Begin at the top of the following data. Copy each line exactly until you have copied the line containing "in seq_law. ennreal".

■ **Data under study**:
_ _ _

lemma tendsto_truncated_remainder_moment:
  assumes "0 < K"
  shows "(\<lambda>n. \<integral>\<^sup>+ x. ennreal (min (L ^ n * \<bar>e (- int n) x\<bar>) K powr q) \<partial>M) \<longlonglongrightarrow> 0"
proof -
  have stationary: "(\<integral>\<^sup>+ x. ennreal (min (L ^ n * \<bar>e (- int n) x\<bar>) K powr q) \<partial>M)
      = (\<integral>\<^sup>+ y. ennreal (min (L ^ n * \<bar>G y\<bar>) K powr q) \<partial>seq_law)" for n
    using nn_integral_innov_seq[OF inj_e_index, of "\<lambda>y. ennreal (min (L ^ n * \<bar>G y\<bar>) K powr q)" "- int n"]
    by (simp add: e_eq_innov_seq)
  have "(\<lambda>n. \<integral>\<^sup>+ y. ennreal (min (L ^ n * \<bar>G y\<bar>) K powr q) \<partial>seq_law) \<longlonglongrightarrow> (\<integral>\<^sup>+ y. 0 \<partial>seq_law)"
  proof (rule nn_integral_dominated_convergence[where w = "\<lambda>_. ennreal (K powr q)"])
    show "AE y in seq_law. ennreal (min (L ^ n * \<bar>G y\<bar>) K powr q) \<le> ennreal (K powr q)" for n
      using assms q_ge_1 L_pos by (intro AE_I2 ennreal_leI powr_mono2) auto
    show "AE y in seq_law. (\<lambda>n. ennreal (min (L ^ n * \<bar>G y\<bar>) K powr q)) \<longlonglongrightarrow> 0"
    proof (intro AE_I2)
      fix y
      have "(\<lambda>n. L ^ n * \<bar>G y\<bar>) \<longlonglongrightarrow> 0 * \<bar>G y\<bar>"
        using L_pos L_less_1 by (intro tendsto_mult LIMSEQ_power_zero tendsto_const) auto
      then have "(\<lambda>n. min (L ^ n * \<bar>G y\<bar>) K) \<longlonglongrightarrow> min 0 K"
        by (intro tendsto_min tendsto_const) auto
      then have "(\<lambda>n. min (L ^ n * \<bar>G y\<bar>) K powr q) \<longlonglongrightarrow> 0"
        using assms q_ge_1 L_pos
        by (intro tendsto_zero_powrI[where g = "\<lambda>_. q" and b = q]) (auto intro!: always_eventually)
      then show "(\<lambda>n. ennreal (min (L ^ n * \<bar>G y\<bar>) K powr q)) \<longlonglongrightarrow> 0"
        using tendsto_ennrealI by fastforce
    qed
  qed (auto simp: seq_law.emeasure_space_1)
  then show ?thesis by (simp add: stationary)
qed

(* Truncating at K lets the remainder L^n |e_(-n)| vanish in the limit by dominated convergence,
   before finiteness of the moment of e_0 is known. *)
lemma truncated_moment_e0_le:
  assumes "0 < K"
  shows "(\<integral>\<^sup>+ x. ennreal (min \<bar>e 0 x\<bar> K powr q) \<partial>M) \<le> ennreal (2 powr (q - 1)) * ennreal back_sum_bound"
proof -
  define r where "r n = (\<integral>\<^sup>+ x. ennreal (min (L ^ n * \<bar>e (- int n) x\<bar>) K powr q) \<partial>M)" for n
  have "(\<integral>\<^sup>+ x. ennreal (min \<bar>e 0 x\<bar> K powr q) \<partial>M) \<le> ennreal (2 powr (q - 1)) * (ennreal back_sum_bound + r n)" for n
  proof -
    have "(\<integral>\<^sup>+ x. ennreal (min \<bar>e 0 x\<bar> K powr q) \<partial>M)
        \<le> (\<integral>\<^sup>+ x. ennreal (2 powr (q - 1)) * (ennreal (back_sum n x powr q)
                   + ennreal (min (L ^ n * \<bar>e (- int n) x\<bar>) K powr q)) \<partial>M)"
      using AE_e0_le_back_sum
    proof (rule nn_integral_mono_AE[OF AE_mp], intro AE_I2 impI)
      fix x
      assume "\<forall>n. \<bar>e 0 x\<bar> \<le> back_sum n x + L ^ n * \<bar>e (- int n) x\<bar>"
      then have "min \<bar>e 0 x\<bar> K powr q
          \<le> 2 powr (q - 1) * (back_sum n x powr q + min (L ^ n * \<bar>e (- int n) x\<bar>) K powr q)"
        using assms q_ge_1 L_pos back_sum_nonneg by (intro min_powr_le_add) auto
      then have "ennreal (min \<bar>e 0 x\<bar> K powr q)
          \<le> ennreal (2 powr (q - 1) * (back_sum n x powr q + min (L ^ n * \<bar>e (- int n) x\<bar>) K powr q))"
        by (rule ennreal_leI)
      then show "ennreal (min \<bar>e 0 x\<bar> K powr q)
          \<le> ennreal (2 powr (q - 1)) * (ennreal (back_sum n x powr q) + ennreal (min (L ^ n * \<bar>e (- int n) x\<bar>) K powr q))"
        by (simp add: ennreal_mult back_sum_nonneg)
    qed
    also have "\<dots> = ennreal (2 powr (q - 1)) * ((\<integral>\<^sup>+ x. ennreal (back_sum n x powr q) \<partial>M) + r n)"
      unfolding r_def by (simp add: nn_integral_cmult nn_integral_add)
    also have "\<dots> \<le> ennreal (2 powr (q - 1)) * (ennreal back_sum_bound + r n)"
      by (intro mult_left_mono add_mono back_sum_moment_le) auto
    finally show ?thesis .
  qed
  moreover have "(\<lambda>n. ennreal (2 powr (q - 1)) * (ennreal back_sum_bound + r n))
      \<longlonglongrightarrow> ennreal (2 powr (q - 1)) * (ennreal back_sum_bound + 0)"
    using tendsto_truncated_remainder_moment[OF assms] unfolding r_def
    by (intro ennreal_tendsto_cmult tendsto_add tendsto_const) auto
  ultimately show ?thesis
    by (intro LIMSEQ_le_const) auto
qed

lemma moment_e0_le: "(\<integral>\<^sup>+ x. ennreal (\<bar>e 0 x\<bar> powr q) \<partial>M) \<le> ennreal (2 powr (q - 1)) * ennreal back_sum_bound"
proof -
  let ?f = "\<lambda>m x. ennreal (min \<bar>e 0 x\<bar> (real (Suc m)) powr q)"
  have "(\<lambda>m. integral\<^sup>N M (?f m)) \<longlonglongrightarrow> (\<integral>\<^sup>+ x. ennreal (\<bar>e 0 x\<bar> powr q) \<partial>M)"
  proof (rule nn_integral_LIMSEQ)
    show "incseq ?f"
      using q_ge_1 by (auto simp: incseq_def le_fun_def intro!: ennreal_leI powr_mono2)
    fix x
    obtain N :: nat where "\<bar>e 0 x\<bar> \<le> real N" using real_arch_simple by blast
    then show "(\<lambda>m. ?f m x) \<longlonglongrightarrow> ennreal (\<bar>e 0 x\<bar> powr q)"
      by (intro tendsto_eventually) (auto simp: eventually_sequentially min_def intro!: exI[of _ N])
  qed measurable
  then show ?thesis
    using truncated_moment_e0_le by (intro LIMSEQ_le_const2) auto
qed

definition "G_moment = (\<integral>\<^sup>+ y. ennreal (\<bar>G y\<bar> powr q) \<partial>seq_law)"

lemma moment_e_eq: "(\<integral>\<^sup>+ x. ennreal (\<bar>e i x\<bar> powr q) \<partial>M) = G_moment"
  unfolding G_moment_def using nn_integral_innov_seq[OF inj_e_index, of "\<lambda>y. ennreal (\<bar>G y\<bar> powr q)" i]
  by (simp add: e_eq_innov_seq)

lemma moment_estar_eq: "(\<integral>\<^sup>+ x. ennreal (\<bar>estar i x\<bar> powr q) \<partial>M) = G_moment"
  unfolding G_moment_def using nn_integral_innov_seq[OF inj_estar_index, of "\<lambda>y. ennreal (\<bar>G y\<bar> powr q)" i]
  by (simp add: estar_def)

lemma G_moment_finite: "G_moment < \<infinity>"
proof -
  have "G_moment \<le> ennreal (2 powr (q - 1)) * ennreal back_sum_bound"
    using moment_e0_le by (simp add: moment_e_eq)
  also have "\<dots> < \<infinity>"
    by (simp add: ennreal_mult_less_top)
  finally show ?thesis .
qed

definition "coupled_moment_sum i x = (1 + 2 * c) powr q + \<bar>e 0 x\<bar> powr q + \<bar>estar 0 x\<bar> powr q
  + \<bar>e (int i) x\<bar> powr q + \<bar>estar i x\<bar> powr q"

lemma coupled_moment_sum_nonneg: "0 \<le> coupled_moment_sum i x"
  by (simp add: coupled_moment_sum_def)

lemma coupled_moment_sum_measurable[measurable]: "coupled_moment_sum i \<in> borel_measurable M"
  unfolding coupled_moment_sum_def[abs_def] by measurable

lemma nn_integral_coupled_moment_sum:
  "(\<integral>\<^sup>+ x. ennreal (coupled_moment_sum i x) \<partial>M) = ennreal ((1 + 2 * c) powr q) + 4 * G_moment"
proof -
  have "(\<integral>\<^sup>+ x. ennreal (coupled_moment_sum i x) \<partial>M)
      = ennreal ((1 + 2 * c) powr q) + G_moment + G_moment + G_moment + G_moment"
    by (simp add: coupled_moment_sum_def nn_integral_add moment_e_eq moment_estar_eq P.emeasure_space_1)
  also have "\<dots> = ennreal ((1 + 2 * c) powr q) + 4 * G_moment"
    by (simp add: add.assoc flip: mult_2 distrib_right)
  finally show ?thesis .
qed

lemma AE_coupled_weight_le:
  assumes "0 \<le> \<gamma>" "q = s + \<gamma>" "0 < s" "s \<le> 2"
  shows "AE x in M. min 1 ((\<nu> (e (int i) x) - \<nu> (estar i x))\<^sup>2) * (1 + \<bar>\<nu> (e (int i) x)\<bar> + \<bar>\<nu> (estar i x)\<bar>) powr \<gamma>
    \<le> (L powr s) ^ i * 5 powr (q - 1) * coupled_moment_sum i x"
  using coupled_distance_le
proof eventually_elim
  case (elim x)
  define D where "D = \<bar>e 0 x - estar 0 x\<bar>"
  define Y where "Y = 1 + \<bar>\<nu> (e (int i) x)\<bar> + \<bar>\<nu> (estar i x)\<bar>"
  have nu_abs: "\<bar>\<nu> y\<bar> \<le> c + \<bar>y\<bar>" for y
  proof -
    have "L * \<bar>y\<bar> \<le> \<bar>y\<bar>" using L_pos L_less_1 by (intro mult_left_le_one_le) auto
    then show ?thesis using nu_abs_le[of y] by linarith
  qed
  have "\<bar>\<nu> (e (int i) x) - \<nu> (estar i x)\<bar> \<le> L * \<bar>e (int i) x - estar i x\<bar>"
    by (rule nu_lipschitz)
  also have "\<dots> \<le> L * (L ^ i * D)"
    using elim L_pos unfolding D_def by (intro mult_left_mono) auto
  also have "\<dots> \<le> L ^ i * D"
    using L_pos L_less_1 by (intro mult_left_le_one_le) (auto simp: D_def)
  finally have "min 1 ((\<nu> (e (int i) x) - \<nu> (estar i x))\<^sup>2) * Y powr \<gamma> \<le> (L ^ i) powr s * (D + Y) powr q"
    using assms min_one_square_mult_powr_le[of "\<bar>\<nu> (e (int i) x) - \<nu> (estar i x)\<bar>" "L ^ i" D Y \<gamma> s] L_pos
    by (simp add: D_def Y_def)
  also have "(L ^ i) powr s = (L powr s) ^ i"
    using L_pos by (simp add: powr_realpow[symmetric] powr_powr powr_power mult.commute)
  also have "(D + Y) powr q \<le> ((1 + 2 * c) + \<bar>e 0 x\<bar> + \<bar>estar 0 x\<bar> + \<bar>e (int i) x\<bar> + \<bar>estar i x\<bar>) powr q"
    using nu_abs[of "e (int i) x"] nu_abs[of "estar i x"] abs_triangle_ineq4[of "e 0 x" "estar 0 x"] q_ge_1
    by (intro powr_mono2) (auto simp: D_def Y_def)
  also have "\<dots> \<le> 5 powr (q - 1) * coupled_moment_sum i x"
    unfolding coupled_moment_sum_def using q_ge_1 by (intro add5_powr_le) (auto simp: c_def)
  finally show ?case
    using L_pos by (simp add: Y_def mult_left_mono mult.assoc)
qed

lemma expected_weighted_energy_le:
  assumes d: "\<And>t. (g has_real_derivative g' t) (at t)"
    and finite: "weighted_energy \<gamma> g < \<infinity>" "weighted_energy \<gamma> g' < \<infinity>"
    and "0 \<le> \<gamma>" "q = s + \<gamma>" "0 < s" "s \<le> 2"
  obtains K where "0 \<le> K"
    "\<And>i. (\<integral>\<^sup>+ x. weighted_energy \<gamma> (\<lambda>u. g (u - \<nu> (e (int i) x)) - g (u - \<nu> (estar i x))) \<partial>M)
       \<le> ennreal (K * (L powr s) ^ i)"
proof
  define F where "F = enn2real (4 * weighted_energy \<gamma> g + weighted_energy \<gamma> g')"
  have F: "4 * weighted_energy \<gamma> g + weighted_energy \<gamma> g' = ennreal F" "0 \<le> F"
    using finite by (simp_all add: F_def ennreal_enn2real ennreal_mult_less_top less_top)
  define m where "m = enn2real (ennreal ((1 + 2 * c) powr q) + 4 * G_moment)"
  have m: "(\<integral>\<^sup>+ x. ennreal (coupled_moment_sum i x) \<partial>M) = ennreal m" "0 \<le> m" for i
    using G_moment_finite
    by (simp_all add: m_def nn_integral_coupled_moment_sum ennreal_enn2real ennreal_mult_less_top less_top)
  define K where "K = F * 5 powr (q - 1) * m"
  show "0 \<le> K"
    unfolding K_def using F m by simp
  fix i
  have "(\<integral>\<^sup>+ x. weighted_energy \<gamma> (\<lambda>u. g (u - \<nu> (e (int i) x)) - g (u - \<nu> (estar i x))) \<partial>M)
      \<le> (\<integral>\<^sup>+ x. ennreal (F * (L powr s) ^ i * 5 powr (q - 1)) * ennreal (coupled_moment_sum i x) \<partial>M)"
    using AE_coupled_weight_le[OF assms(4-7), of i]
  proof (rule nn_integral_mono_AE[OF AE_mp], intro AE_I2 impI)
    fix x
    let ?a = "\<nu> (e (int i) x)" and ?b = "\<nu> (estar i x)"
    assume weight: "min 1 ((?a - ?b)\<^sup>2) * (1 + \<bar>?a\<bar> + \<bar>?b\<bar>) powr \<gamma>
      \<le> (L powr s) ^ i * 5 powr (q - 1) * coupled_moment_sum i x"
    have "weighted_energy \<gamma> (\<lambda>u. g (u - ?a) - g (u - ?b))
        \<le> ennreal (min 1 ((?a - ?b)\<^sup>2) * (1 + \<bar>?a\<bar> + \<bar>?b\<bar>) powr \<gamma>) * ennreal F"
      using weighted_energy_translate_diff_le[OF d \<open>0 \<le> \<gamma>\<close>, of ?a ?b] by (simp add: F)
    also have "\<dots> \<le> ennreal (F * (L powr s) ^ i * 5 powr (q - 1)) * ennreal (coupled_moment_sum i x)"
      using weight F coupled_moment_sum_nonneg[of i x]
      by (simp add: ennreal_mult'[symmetric] mult_ac ennreal_leI mult_left_mono)
    finally show "weighted_energy \<gamma> (\<lambda>u. g (u - ?a) - g (u - ?b)) \<le> \<dots>" .
  qed
  also have "\<dots> = ennreal (F * (L powr s) ^ i * 5 powr (q - 1)) * ennreal m"
    by (rule trans[OF nn_integral_cmult]) (measurable, simp add: m)
  also have "\<dots> = ennreal (K * (L powr s) ^ i)"
    using F m by (simp add: K_def ennreal_mult'[symmetric] mult.commute mult.left_commute)
  finally show "(\<integral>\<^sup>+ x. weighted_energy \<gamma> (\<lambda>u. g (u - \<nu> (e (int i) x)) - g (u - \<nu> (estar i x))) \<partial>M)
      \<le> ennreal (K * (L powr s) ^ i)" .
qed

_ _ _

■ **Task solution**:
lemma tendsto_truncated_remainder_moment:
  assumes "0 < K"
  shows "(\<lambda>n. \<integral>\<^sup>+ x. ennreal (min (L ^ n * \<bar>e (- int n) x\<bar>) K powr q) \<partial>M) \<longlonglongrightarrow> 0"
proof -
  have stationary: "(\<integral>\<^sup>+ x. ennreal (min (L ^ n * \<bar>e (- int n) x\<bar>) K powr q) \<partial>M)
      = (\<integral>\<^sup>+ y. ennreal (min (L ^ n * \<bar>G y\<bar>) K powr q) \<partial>seq_law)" for n
    using nn_integral_innov_seq[OF inj_e_index, of "\<lambda>y. ennreal (min (L ^ n * \<bar>G y\<bar>) K powr q)" "- int n"]
    by (simp add: e_eq_innov_seq)
  have "(\<lambda>n. \<integral>\<^sup>+ y. ennreal (min (L ^ n * \<bar>G y\<bar>) K powr q) \<partial>seq_law) \<longlonglongrightarrow> (\<integral>\<^sup>+ y. 0 \<partial>seq_law)"
  proof (rule nn_integral_dominated_convergence[where w = "\<lambda>_. ennreal (K powr q)"])
    show "AE y in seq_law. ennreal (min (L ^ n * \<bar>G y\<bar>) K powr q) \<le> ennreal (K powr q)" for n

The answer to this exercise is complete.